Figure 2. IFN-I-inducing activity was reduced by the IFN-I blocking cocktail and further reduced by DFPP treatment. (A) Type I interferon (IFN-I)-inducing activity in plasma with or without an IFN blocking cocktail. IFN-I-inducing activity in patients with SLE (n = 11) and healthy control (HC) subjects (n = 5) was quantified by using THP-1 dual macrophages incubated with or without an IFN-I blocking cocktail and measuring relative light units (RLU) of chemiluminescence. Plasma samples from SLE patients were collected pre- and post-double-filtration plasmapheresis (DFPP) treatment. The IFN-I blocking cocktail contained 1 μg/mL each of anti-human IFN-α2, anti-human IFN-β antibodies, and anti-IFN-α/β receptor chain 2 antibodies. (B) IFN-I-inducing activity in plasma with an IFN-I blocking cocktail. Each symbol represents an individual. Differences between the groups were evaluated using the Wilcoxon signed-rank test (A,B). Two asterisks (**) indicate p < .01, and three asterisks (***) denote p < .001.
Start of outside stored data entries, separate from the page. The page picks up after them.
lemma symmetric_invariant_subspace_eigenvector:
  fixes A :: "real^'n::finite^'n"
  assumes symA: "symmetric_mat A" and T: "subspace T" and inv: "\<And>x. x \<in> T \<Longrightarrow> A *v x \<in> T"
    and nz: "T \<noteq> {0}"
  obtains v where "v \<in> T" "norm v = 1" "A *v v = (v \<bullet> (A *v v)) *\<^sub>R v"
proof -
  define K where "K = T \<inter> sphere 0 1"
  have "compact K" unfolding K_def using closed_subspace[OF T] by (intro closed_Int_compact) auto
  obtain x where "x \<in> T" "x \<noteq> 0" using nz subspace_0[OF T] by blast
  then have "x /\<^sub>R norm x \<in> K" by (simp add: K_def subspace_scale[OF T])
  then have "K \<noteq> {}" by blast
  moreover have "continuous_on K (\<lambda>x. x \<bullet> (A *v x))"
    by (intro continuous_intros linear_continuous_on matrix_vector_mul_bounded_linear)
  ultimately obtain v where "v \<in> K" and "\<And>y. y \<in> K \<Longrightarrow> y \<bullet> (A *v y) \<le> v \<bullet> (A *v v)"
    using continuous_attains_sup[OF \<open>compact K\<close>] by blast
  then show ?thesis
    using that rayleigh_maximizer_eigenvector[OF symA T inv] by (auto simp: K_def)
qed

definition orthonormal_eigenvectors :: "'n::finite sqmat \<Rightarrow> (real^'n) set \<Rightarrow> bool" where
  "orthonormal_eigenvectors A S \<longleftrightarrow>
     pairwise orthogonal S \<and> (\<forall>x\<in>S. norm x = 1 \<and> (\<exists>\<mu>. A *v x = \<mu> *\<^sub>R x))"

lemma orthonormal_eigenvectors_independent: "orthonormal_eigenvectors A S \<Longrightarrow> independent S"
  unfolding orthonormal_eigenvectors_def
  by (metis norm_zero pairwise_orthogonal_independent zero_neq_one)

lemma orthonormal_eigenvectors_extend:
  fixes A :: "real^'n::finite^'n"
  assumes symA: "symmetric_mat A" and S: "orthonormal_eigenvectors A S" and sp: "span S \<noteq> UNIV"
  obtains v where "v \<notin> S" "orthonormal_eigenvectors A (insert v S)"
proof -
  define T where "T = {y. \<forall>x\<in>S. orthogonal x y}"
  have T: "subspace T" unfolding T_def by (rule subspace_orthogonal_to_vectors)
  have inv: "A *v y \<in> T" if "y \<in> T" for y
  proof -
    have "x \<bullet> (A *v y) = 0" if "x \<in> S" for x
    proof -
      obtain m where "A *v x = m *\<^sub>R x" using S \<open>x \<in> S\<close> by (auto simp: orthonormal_eigenvectors_def)
      then show ?thesis using \<open>y \<in> T\<close> \<open>x \<in> S\<close> symmetric_mat_inner_commute[OF symA, of x y]
        by (simp add: T_def orthogonal_def)
    qed
    then show ?thesis by (simp add: T_def orthogonal_def)
  qed
  have "span S \<subset> span UNIV" using sp by auto
  then obtain x where "x \<noteq> 0" "\<And>y. y \<in> span S \<Longrightarrow> orthogonal x y"
    by (rule orthogonal_to_subspace_exists_gen) blast
  then have "x \<in> T" "x \<noteq> 0" by (auto simp: T_def orthogonal_commute span_base)
  then obtain v where v: "v \<in> T" "norm v = 1" "A *v v = (v \<bullet> (A *v v)) *\<^sub>R v"
    using symmetric_invariant_subspace_eigenvector[OF symA T inv] by blast
  have "v \<notin> S"
  proof
    assume "v \<in> S"
    then have "v \<bullet> v = 0" using v(1) by (simp add: T_def orthogonal_def)
    with v(2) show False by simp
  qed
  moreover have "orthonormal_eigenvectors A (insert v S)"
    using S v unfolding orthonormal_eigenvectors_def T_def pairwise_insert
    by (auto simp: orthogonal_commute)
  ultimately show ?thesis by (rule that)
qed

lemma symmetric_orthonormal_eigenbasis:
  fixes A :: "real^'n::finite^'n"
  assumes symA: "symmetric_mat A"
  obtains S where "orthonormal_eigenvectors A S" "span S = UNIV"
proof -
  have bound: "card S \<le> CARD('n)" if "orthonormal_eigenvectors A S" for S
    using independent_bound[OF orthonormal_eigenvectors_independent[OF that]] by simp
  have "orthonormal_eigenvectors A {}" by (simp add: orthonormal_eigenvectors_def)
  then obtain S where S: "orthonormal_eigenvectors A S"
    and maxS: "\<And>S'. orthonormal_eigenvectors A S' \<Longrightarrow> card S' \<le> card S"
    using ex_has_greatest_nat[of "orthonormal_eigenvectors A" "{}" card "CARD('n) + 1"] bound
    by (metis le_imp_less_Suc Suc_eq_plus1)
  have "span S = UNIV"
  proof (rule ccontr)
    assume "span S \<noteq> UNIV"
    then obtain v where "v \<notin> S" "orthonormal_eigenvectors A (insert v S)"
      using orthonormal_eigenvectors_extend[OF symA S] by blast
    moreover have "finite S"
      using independent_bound[OF orthonormal_eigenvectors_independent[OF S]] by simp
    ultimately show False using maxS[of "insert v S"] by simp
  qed
  with S show ?thesis by (rule that)
qed

theorem spectral_decomposition:
  fixes A :: "real^'n::finite^'n"
  assumes symA: "symmetric_mat A"
  obtains U d where "orthogonal_matrix U" "A = U ** diag_mat d ** transpose U"
proof -
  obtain S where S: "orthonormal_eigenvectors A S" and spS: "span S = UNIV"
    using symmetric_orthonormal_eigenbasis[OF symA] by blast
  have indS: "independent S" by (rule orthonormal_eigenvectors_independent[OF S])
  then have "finite S" "card S = CARD('n)"
    using dim_span_eq_card_independent[OF indS] spS independent_bound by auto
  then obtain f where f: "bij_betw f (UNIV::'n set) S"
    by (metis finite_class.finite_UNIV finite_same_card_bij)
  then have fS: "f j \<in> S" for j by (auto simp: bij_betw_def)
  have orth: "orthogonal (f i) (f j)" if "i \<noteq> j" for i j
  proof -
    have "f i \<noteq> f j" using f that by (auto simp: bij_betw_def inj_on_def)
    then show ?thesis using S fS unfolding orthonormal_eigenvectors_def pairwise_def by blast
  qed
  define d where "d = (\<chi> j. f j \<bullet> (A *v f j))"
  have eig: "A *v f j = (d$j) *\<^sub>R f j" for j
  proof -
    obtain m where m: "A *v f j = m *\<^sub>R f j" and "norm (f j) = 1"
      using S fS unfolding orthonormal_eigenvectors_def by blast
    then have "d$j = m" by (simp add: d_def norm_eq_1)
    with m show ?thesis by simp
  qed
  define U where "U = (\<chi> i j. f j $ i)"
  have oU: "orthogonal_matrix U"
    using S fS orth unfolding orthonormal_eigenvectors_def
    by (simp add: U_def orthogonal_matrix_orthonormal_columns column_def)
  have "(A ** U) $ i $ j = (U ** diag_mat d) $ i $ j" for i j
  proof -
    have "(A ** U) $ i $ j = (A *v f j) $ i"
      by (simp add: matrix_matrix_mult_def matrix_vector_mult_def U_def)
    then show ?thesis by (simp add: eig matrix_mul_diag_mat_nth U_def)
  qed
  then have "A ** U = U ** diag_mat d" by (simp add: vec_eq_iff)
  then have "A = U ** diag_mat d ** transpose U"
    using orthogonal_matrix_cancel_right(2)[OF oU, of A] by simp
  with oU show ?thesis by (rule that)
qed

section \<open>Functional calculus\<close>

text \<open>An entry \<open>W$i$j \<noteq> 0\<close> forces \<open>d$j = e$i\<close>, so \<open>W\<close> also intertwines any function of the
  two diagonals; this makes \<open>matfun\<close> independent of the chosen decomposition.\<close>
lemma diag_mat_intertwine:
  fixes W :: "real^'n::finite^'n"
  assumes "W ** diag_mat d = diag_mat e ** W"
  shows "W ** diag_mat (\<chi> i. f (d$i)) = diag_mat (\<chi> i. f (e$i)) ** W"
proof -
  have eq: "W$i$j * d$j = e$i * W$i$j" for i j
    using arg_cong[OF assms, of "\<lambda>M. M$i$j"] by (simp add: matrix_mul_diag_mat_nth diag_mat_mul_nth)
  have "W$i$j * f (d$j) = f (e$i) * W$i$j" for i j
  proof (cases "W$i$j = 0")
    case False
    then have "d$j = e$i" using eq[of i j] by (simp add: mult.commute)
    then show ?thesis by simp
  qed simp
  then show ?thesis by (simp add: vec_eq_iff matrix_mul_diag_mat_nth diag_mat_mul_nth)
qed

lemma matfun_spectral:
  fixes A U :: "real^'n::finite^'n"
  assumes oU: "orthogonal_matrix U" and A: "A = U ** diag_mat d ** transpose U"
  shows "matfun f A = U ** diag_mat (\<chi> i. f (d$i)) ** transpose U"
  unfolding matfun_def
proof (rule the_equality)
  fix M assume "\<exists>V e. orthogonal_matrix V \<and> A = V ** diag_mat e ** transpose V \<and>
      M = V ** diag_mat (\<chi> i. f (e$i)) ** transpose V"
  then obtain V e where oV: "orthogonal_matrix V" and AV: "A = V ** diag_mat e ** transpose V"
    and M: "M = V ** diag_mat (\<chi> i. f (e$i)) ** transpose V" by blast
  define W where "W = transpose V ** U"
  have "W ** diag_mat d = transpose V ** (A ** U)"
    using oU by (simp add: W_def A matrix_mul_assoc orthogonal_matrix_cancel_right)
  also have "\<dots> = diag_mat e ** W"
    using oV by (simp add: W_def AV matrix_mul_assoc orthogonal_matrix_def)
  finally have WD: "W ** diag_mat (\<chi> i. f (d$i)) = diag_mat (\<chi> i. f (e$i)) ** W"
    by (rule diag_mat_intertwine)
  have "M = V ** (diag_mat (\<chi> i. f (e$i)) ** W) ** transpose U"
    using oU by (simp add: M W_def matrix_mul_assoc orthogonal_matrix_cancel_right)
  also have "\<dots> = V ** (W ** diag_mat (\<chi> i. f (d$i))) ** transpose U"
    by (simp only: WD)
  also have "\<dots> = U ** diag_mat (\<chi> i. f (d$i)) ** transpose U"
    using oV by (simp add: W_def matrix_mul_assoc orthogonal_matrix_def)
  finally show "M = U ** diag_mat (\<chi> i. f (d$i)) ** transpose U" .
qed (use oU A in blast)

lemma spectral_decomposition_matfun:
  fixes A :: "real^'n::finite^'n"
  assumes "symmetric_mat A"
  obtains U d where "orthogonal_matrix U" "A = U ** diag_mat d ** transpose U"
    "\<And>f. matfun f A = U ** diag_mat (\<chi> i. f (d$i)) ** transpose U"
proof -
  obtain U d where "orthogonal_matrix U" "A = U ** diag_mat d ** transpose U"
    using spectral_decomposition[OF assms] by blast
  then show ?thesis using that matfun_spectral by blast
qed

lemma symmetric_matfun:
  assumes "symmetric_mat A"
  shows "symmetric_mat (matfun f A)"
proof -
  obtain U d where "orthogonal_matrix U" "A = U ** diag_mat d ** transpose U"
    and fA: "\<And>f. matfun f A = U ** diag_mat (\<chi> i. f (d$i)) ** transpose U"
    by (rule spectral_decomposition_matfun[OF assms]) blast
  show ?thesis by (simp add: fA symmetric_conj_diag_mat)
qed

lemma matfun_ident:
  assumes "symmetric_mat A"
  shows "matfun (\<lambda>x. x) A = A"
proof -
  obtain U d where "orthogonal_matrix U" and A: "A = U ** diag_mat d ** transpose U"
    and fA: "\<And>f. matfun f A = U ** diag_mat (\<chi> i. f (d$i)) ** transpose U"
    by (rule spectral_decomposition_matfun[OF assms]) blast
  show ?thesis by (simp add: fA A[symmetric])
qed

lemma matfun_const:
  assumes "symmetric_mat A"
  shows "matfun (\<lambda>_. c) A = mat c"
proof -
  obtain U d where oU: "orthogonal_matrix U" and "A = U ** diag_mat d ** transpose U"
    and fA: "\<And>f. matfun f A = U ** diag_mat (\<chi> i. f (d$i)) ** transpose U"
    by (rule spectral_decomposition_matfun[OF assms]) blast
  show ?thesis by (simp add: fA oU conj_diag_mat_const)
qed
3.3. Reduction of IFN-I-inducing activity was not observed in STING-knockout reporter cells, and plasma dsDNA decreased following DFPP
In a previous study, we elucidated the involvement of the STING pathway in IFN-I production in patients with SLE. We hypothesised that this pathway may underlie the reduction in IFN-I-inducing activity following DFPP. Consequently, we assessed the IFN-I-inducing activity in human macrophages with STING knockout. The results revealed no discernible differences in IFN-I-inducing activity before and after DFPP treatment (). dsDNA activates the STING pathway by binding to cGAS. Subsequently, we analysed the plasma dsDNA concentration and found that it declined following DFPP treatment (). Given the apparent correlation between the dsDNA removal rate and the reduction of IFN-I-inducing activity in plasma (), we postulated that the STING pathway significantly contributes to the reduction of IFN-I-inducing activity due to DFPP therapy.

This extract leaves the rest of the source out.